* Problem to work on
Emit the entire listing verbatim.

Raw data Start Marker

(* For every $\epsilon>0$ and every integer $d\ge 2$ there exist $\mathbf{w}_1,\dots,\mathbf{w}_n\in\mathbb{S}^{d-1}$ and $v_1,\dots,v_n\in\mathbb{R}$ with $|v_i|\le 1/n$, where $n=\lceil 36/\epsilon^2\rceil$, such that the network $N(\mathbf{x})=\sum_{i=1}^{n}v_i\exp(\mathbf{w}_i^\top\mathbf{x})$ satisfies $$\sup_{\mathbf{x}\in B_d}\big|N(\mathbf{x})-F_d(\|\mathbf{x}\|)\big|\le\epsilon .$$
   Context: $\|\cdot\|$ is the Euclidean norm, $B_d$ the closed unit ball and $\mathbb{S}^{d-1}$ the unit sphere in $\mathbb{R}^d$. For an integer $k\ge0$, $k!!=\prod_{i=0}^{\lceil k/2\rceil-1}(k-2i)$ (so $0!!=1$). For $z\in[0,1]$, $F_d(z)=\sum_{k=0}^{\infty}\frac{(d-2)!!}{(2k)!!\,(d+2k-2)!!}z^{2k}$. *)

theory Defs
  imports "HOL-Analysis.Analysis"
begin

definition dfact :: "nat \<Rightarrow> nat" where
  "dfact k = (\<Prod>i<(k + 1) div 2. k - 2 * i)"

definition F :: "nat \<Rightarrow> real \<Rightarrow> real" where
  "F d z = (\<Sum>k. real (dfact (d - 2)) / (real (dfact (2 * k)) * real (dfact (d + 2 * k - 2))) * z ^ (2 * k))"

text \<open>Vectors in R^d represented as functions nat => real; only coordinates < d matter.\<close>
definition dinner :: "nat \<Rightarrow> (nat \<Rightarrow> real) \<Rightarrow> (nat \<Rightarrow> real) \<Rightarrow> real" where
  "dinner d x y = (\<Sum>j<d. x j * y j)"

definition dnorm :: "nat \<Rightarrow> (nat \<Rightarrow> real) \<Rightarrow> real" where
  "dnorm d x = sqrt (dinner d x x)"

end

theory Submission
  imports Defs
begin

text \<open>For \<open>u\<close> uniform on the unit sphere, \<open>E exp \<langle>u, x\<rangle> = F\<^sub>d(\<parallel>x\<parallel>)\<close>: the coefficients of \<open>F\<^sub>d\<close> are
  the even moments \<open>E \<langle>u, x\<rangle>\<^sup>2\<^sup>k = (2k-1)!! \<parallel>x\<parallel>\<^sup>2\<^sup>k / (d (d+2) \<cdots> (d+2k-2))\<close> divided by \<open>(2k)!\<close>.
  The proof avoids the uniform measure itself. First, by induction on the dimension, writing a point
  of the sphere as \<open>(cos \<theta> \<bullet> v, sin \<theta>)\<close> and discretising the latitude \<open>\<theta>\<close> by midpoint sums with
  weights \<open>\<propto> cos\<^sup>m \<theta>\<close>, one obtains finitely supported distributions on the sphere whose moments up
  to any given degree are arbitrarily close to the uniform ones; truncating the exponential series,
  such a distribution \<open>Q\<close> satisfies \<open>|E\<^sub>Q exp \<langle>u, x\<rangle> - F\<^sub>d(\<parallel>x\<parallel>)| \<le> \<epsilon>/2\<close> on the ball.
  Second, \<open>exp \<langle>a, b\<rangle>\<close> is a positive semidefinite kernel, so kernel herding selects \<open>n\<close> points of the
  support of \<open>Q\<close> whose empirical average approximates \<open>E\<^sub>Q exp \<langle>u, x\<rangle>\<close> uniformly in \<open>x\<close> with error
  at most \<open>\<surd>(e \<cdot> e / n) \<le> 3 / \<surd>n \<le> \<epsilon>/2\<close>.\<close>

section \<open>Finitely supported distributions\<close>

definition expect :: "(real \<times> 'a) list \<Rightarrow> ('a \<Rightarrow> real) \<Rightarrow> real" where
  "expect Q f = (\<Sum>p\<leftarrow>Q. fst p * f (snd p))"

definition distr_list :: "(real \<times> 'a) list \<Rightarrow> bool" where
  "distr_list Q \<longleftrightarrow> (\<forall>p\<in>set Q. 0 \<le> fst p) \<and> (\<Sum>p\<leftarrow>Q. fst p) = 1"

lemma expect_Nil [simp]: "expect [] f = 0"
  by (simp add: expect_def)

lemma expect_Cons [simp]: "expect (p # Q) f = fst p * f (snd p) + expect Q f"
  by (simp add: expect_def)

lemma expect_append [simp]: "expect (Q @ R) f = expect Q f + expect R f"
  by (simp add: expect_def)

Raw data End Marker

* Your response
(* For every $\epsilon>0$ and every integer $d\ge 2$ there exist $\mathbf{w}_1,\dots,\mathbf{w}_n\in\mathbb{S}^{d-1}$ and $v_1,\dots,v_n\in\mathbb{R}$ with $|v_i|\le 1/n$, where $n=\lceil 36/\epsilon^2\rceil$, such that the network $N(\mathbf{x})=\sum_{i=1}^{n}v_i\exp(\mathbf{w}_i^\top\mathbf{x})$ satisfies $$\sup_{\mathbf{x}\in B_d}\big|N(\mathbf{x})-F_d(\|\mathbf{x}\|)\big|\le\epsilon .$$
   Context: $\|\cdot\|$ is the Euclidean norm, $B_d$ the closed unit ball and $\mathbb{S}^{d-1}$ the unit sphere in $\mathbb{R}^d$. For an integer $k\ge0$, $k!!=\prod_{i=0}^{\lceil k/2\rceil-1}(k-2i)$ (so $0!!=1$). For $z\in[0,1]$, $F_d(z)=\sum_{k=0}^{\infty}\frac{(d-2)!!}{(2k)!!\,(d+2k-2)!!}z^{2k}$. *)

theory Defs
  imports "HOL-Analysis.Analysis"
begin

definition dfact :: "nat \<Rightarrow> nat" where
  "dfact k = (\<Prod>i<(k + 1) div 2. k - 2 * i)"

definition F :: "nat \<Rightarrow> real \<Rightarrow> real" where
  "F d z = (\<Sum>k. real (dfact (d - 2)) / (real (dfact (2 * k)) * real (dfact (d + 2 * k - 2))) * z ^ (2 * k))"

text \<open>Vectors in R^d represented as functions nat => real; only coordinates < d matter.\<close>
definition dinner :: "nat \<Rightarrow> (nat \<Rightarrow> real) \<Rightarrow> (nat \<Rightarrow> real) \<Rightarrow> real" where
  "dinner d x y = (\<Sum>j<d. x j * y j)"

definition dnorm :: "nat \<Rightarrow> (nat \<Rightarrow> real) \<Rightarrow> real" where
  "dnorm d x = sqrt (dinner d x x)"

end

theory Submission
  imports Defs
begin

text \<open>For \<open>u\<close> uniform on the unit sphere, \<open>E exp \<langle>u, x\<rangle> = F\<^sub>d(\<parallel>x\<parallel>)\<close>: the coefficients of \<open>F\<^sub>d\<close> are
  the even moments \<open>E \<langle>u, x\<rangle>\<^sup>2\<^sup>k = (2k-1)!! \<parallel>x\<parallel>\<^sup>2\<^sup>k / (d (d+2) \<cdots> (d+2k-2))\<close> divided by \<open>(2k)!\<close>.
  The proof avoids the uniform measure itself. First, by induction on the dimension, writing a point
  of the sphere as \<open>(cos \<theta> \<bullet> v, sin \<theta>)\<close> and discretising the latitude \<open>\<theta>\<close> by midpoint sums with
  weights \<open>\<propto> cos\<^sup>m \<theta>\<close>, one obtains finitely supported distributions on the sphere whose moments up
  to any given degree are arbitrarily close to the uniform ones; truncating the exponential series,
  such a distribution \<open>Q\<close> satisfies \<open>|E\<^sub>Q exp \<langle>u, x\<rangle> - F\<^sub>d(\<parallel>x\<parallel>)| \<le> \<epsilon>/2\<close> on the ball.
  Second, \<open>exp \<langle>a, b\<rangle>\<close> is a positive semidefinite kernel, so kernel herding selects \<open>n\<close> points of the
  support of \<open>Q\<close> whose empirical average approximates \<open>E\<^sub>Q exp \<langle>u, x\<rangle>\<close> uniformly in \<open>x\<close> with error
  at most \<open>\<surd>(e \<cdot> e / n) \<le> 3 / \<surd>n \<le> \<epsilon>/2\<close>.\<close>

section \<open>Finitely supported distributions\<close>

definition expect :: "(real \<times> 'a) list \<Rightarrow> ('a \<Rightarrow> real) \<Rightarrow> real" where
  "expect Q f = (\<Sum>p\<leftarrow>Q. fst p * f (snd p))"

definition distr_list :: "(real \<times> 'a) list \<Rightarrow> bool" where
  "distr_list Q \<longleftrightarrow> (\<forall>p\<in>set Q. 0 \<le> fst p) \<and> (\<Sum>p\<leftarrow>Q. fst p) = 1"

lemma expect_Nil [simp]: "expect [] f = 0"
  by (simp add: expect_def)

lemma expect_Cons [simp]: "expect (p # Q) f = fst p * f (snd p) + expect Q f"
  by (simp add: expect_def)

lemma expect_append [simp]: "expect (Q @ R) f = expect Q f + expect R f"
  by (simp add: expect_def)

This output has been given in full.